## Your instructions
When you reach the line that contains "by (simp add: zero_le_mult_iff)" in the data below, copy it and every line after it exactly, adding nothing.

Saved entries
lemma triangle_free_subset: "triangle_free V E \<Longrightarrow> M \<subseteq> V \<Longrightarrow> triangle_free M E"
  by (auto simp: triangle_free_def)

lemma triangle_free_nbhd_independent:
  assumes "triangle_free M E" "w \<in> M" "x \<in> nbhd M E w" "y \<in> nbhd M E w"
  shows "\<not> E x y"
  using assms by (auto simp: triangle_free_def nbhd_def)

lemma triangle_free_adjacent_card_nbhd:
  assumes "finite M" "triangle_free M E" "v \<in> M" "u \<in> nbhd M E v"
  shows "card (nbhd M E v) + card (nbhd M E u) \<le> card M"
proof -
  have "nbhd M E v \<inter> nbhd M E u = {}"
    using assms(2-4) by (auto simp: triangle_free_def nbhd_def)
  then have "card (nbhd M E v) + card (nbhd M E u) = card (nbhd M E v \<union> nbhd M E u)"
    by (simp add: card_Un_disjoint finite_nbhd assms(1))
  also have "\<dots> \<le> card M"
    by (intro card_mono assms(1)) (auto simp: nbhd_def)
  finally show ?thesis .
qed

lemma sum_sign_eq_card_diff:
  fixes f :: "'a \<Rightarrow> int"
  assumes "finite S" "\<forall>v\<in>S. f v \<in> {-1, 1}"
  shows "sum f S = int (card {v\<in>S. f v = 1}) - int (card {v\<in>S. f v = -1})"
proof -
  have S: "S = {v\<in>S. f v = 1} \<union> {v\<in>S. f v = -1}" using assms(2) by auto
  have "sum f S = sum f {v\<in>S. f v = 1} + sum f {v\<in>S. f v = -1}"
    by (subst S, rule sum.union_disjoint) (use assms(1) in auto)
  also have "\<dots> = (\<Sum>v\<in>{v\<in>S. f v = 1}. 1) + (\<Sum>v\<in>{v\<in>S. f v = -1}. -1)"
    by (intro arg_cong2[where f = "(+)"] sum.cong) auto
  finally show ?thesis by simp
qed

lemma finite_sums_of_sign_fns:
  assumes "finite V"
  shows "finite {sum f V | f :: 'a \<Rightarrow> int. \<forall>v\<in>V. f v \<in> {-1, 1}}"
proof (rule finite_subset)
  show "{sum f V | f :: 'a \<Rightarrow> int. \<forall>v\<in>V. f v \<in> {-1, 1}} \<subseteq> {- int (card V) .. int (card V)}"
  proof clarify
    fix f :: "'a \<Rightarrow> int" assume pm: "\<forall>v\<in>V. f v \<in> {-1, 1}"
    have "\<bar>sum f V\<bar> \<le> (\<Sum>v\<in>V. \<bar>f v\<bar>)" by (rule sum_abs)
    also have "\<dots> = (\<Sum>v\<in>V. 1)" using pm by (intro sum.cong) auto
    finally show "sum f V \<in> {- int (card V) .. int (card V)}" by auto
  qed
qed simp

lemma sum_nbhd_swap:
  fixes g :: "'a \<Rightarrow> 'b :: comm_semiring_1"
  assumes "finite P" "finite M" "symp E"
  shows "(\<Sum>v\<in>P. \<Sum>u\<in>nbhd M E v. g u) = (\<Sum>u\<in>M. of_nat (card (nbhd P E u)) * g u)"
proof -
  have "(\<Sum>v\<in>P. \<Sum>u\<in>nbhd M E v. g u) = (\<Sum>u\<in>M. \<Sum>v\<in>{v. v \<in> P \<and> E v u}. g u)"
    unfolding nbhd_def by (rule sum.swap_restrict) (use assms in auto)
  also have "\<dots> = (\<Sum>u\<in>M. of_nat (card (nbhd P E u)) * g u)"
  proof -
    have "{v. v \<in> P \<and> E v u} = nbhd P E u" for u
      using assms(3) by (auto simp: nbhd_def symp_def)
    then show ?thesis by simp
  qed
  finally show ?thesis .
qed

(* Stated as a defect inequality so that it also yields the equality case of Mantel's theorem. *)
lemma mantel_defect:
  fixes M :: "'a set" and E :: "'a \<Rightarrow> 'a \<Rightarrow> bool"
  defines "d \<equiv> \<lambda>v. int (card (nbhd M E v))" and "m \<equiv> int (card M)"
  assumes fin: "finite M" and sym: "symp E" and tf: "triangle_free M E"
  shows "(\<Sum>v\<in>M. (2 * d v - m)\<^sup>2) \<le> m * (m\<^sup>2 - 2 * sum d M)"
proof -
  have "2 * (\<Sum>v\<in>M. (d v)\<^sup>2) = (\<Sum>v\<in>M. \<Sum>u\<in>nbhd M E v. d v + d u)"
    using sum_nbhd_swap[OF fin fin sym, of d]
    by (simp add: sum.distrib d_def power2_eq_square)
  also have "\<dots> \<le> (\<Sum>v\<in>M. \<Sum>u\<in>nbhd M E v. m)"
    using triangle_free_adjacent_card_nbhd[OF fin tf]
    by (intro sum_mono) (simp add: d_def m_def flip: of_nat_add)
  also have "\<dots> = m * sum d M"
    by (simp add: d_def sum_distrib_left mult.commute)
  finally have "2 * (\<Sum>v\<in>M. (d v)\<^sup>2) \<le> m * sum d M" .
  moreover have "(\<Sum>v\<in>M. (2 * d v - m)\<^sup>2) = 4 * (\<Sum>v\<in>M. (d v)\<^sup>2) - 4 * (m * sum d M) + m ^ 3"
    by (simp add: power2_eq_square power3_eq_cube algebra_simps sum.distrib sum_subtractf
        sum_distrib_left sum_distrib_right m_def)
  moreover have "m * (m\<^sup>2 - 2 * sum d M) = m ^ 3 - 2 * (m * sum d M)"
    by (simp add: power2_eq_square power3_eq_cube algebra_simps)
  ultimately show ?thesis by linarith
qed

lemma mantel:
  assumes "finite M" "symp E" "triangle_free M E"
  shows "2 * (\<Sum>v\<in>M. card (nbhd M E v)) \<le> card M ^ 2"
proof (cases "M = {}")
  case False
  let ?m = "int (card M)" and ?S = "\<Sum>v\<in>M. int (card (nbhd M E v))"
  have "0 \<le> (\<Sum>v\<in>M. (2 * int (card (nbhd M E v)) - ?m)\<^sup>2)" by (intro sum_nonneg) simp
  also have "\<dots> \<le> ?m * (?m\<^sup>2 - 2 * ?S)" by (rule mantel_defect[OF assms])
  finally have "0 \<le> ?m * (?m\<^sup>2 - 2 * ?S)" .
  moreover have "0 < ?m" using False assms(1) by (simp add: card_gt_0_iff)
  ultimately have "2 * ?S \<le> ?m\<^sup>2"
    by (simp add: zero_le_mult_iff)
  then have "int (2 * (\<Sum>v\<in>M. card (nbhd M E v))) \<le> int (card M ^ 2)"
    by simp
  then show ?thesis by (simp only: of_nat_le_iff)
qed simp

## Result of the exercise
    by (simp add: zero_le_mult_iff)
  then have "int (2 * (\<Sum>v\<in>M. card (nbhd M E v))) \<le> int (card M ^ 2)"
    by simp
  then show ?thesis by (simp only: of_nat_le_iff)
qed simp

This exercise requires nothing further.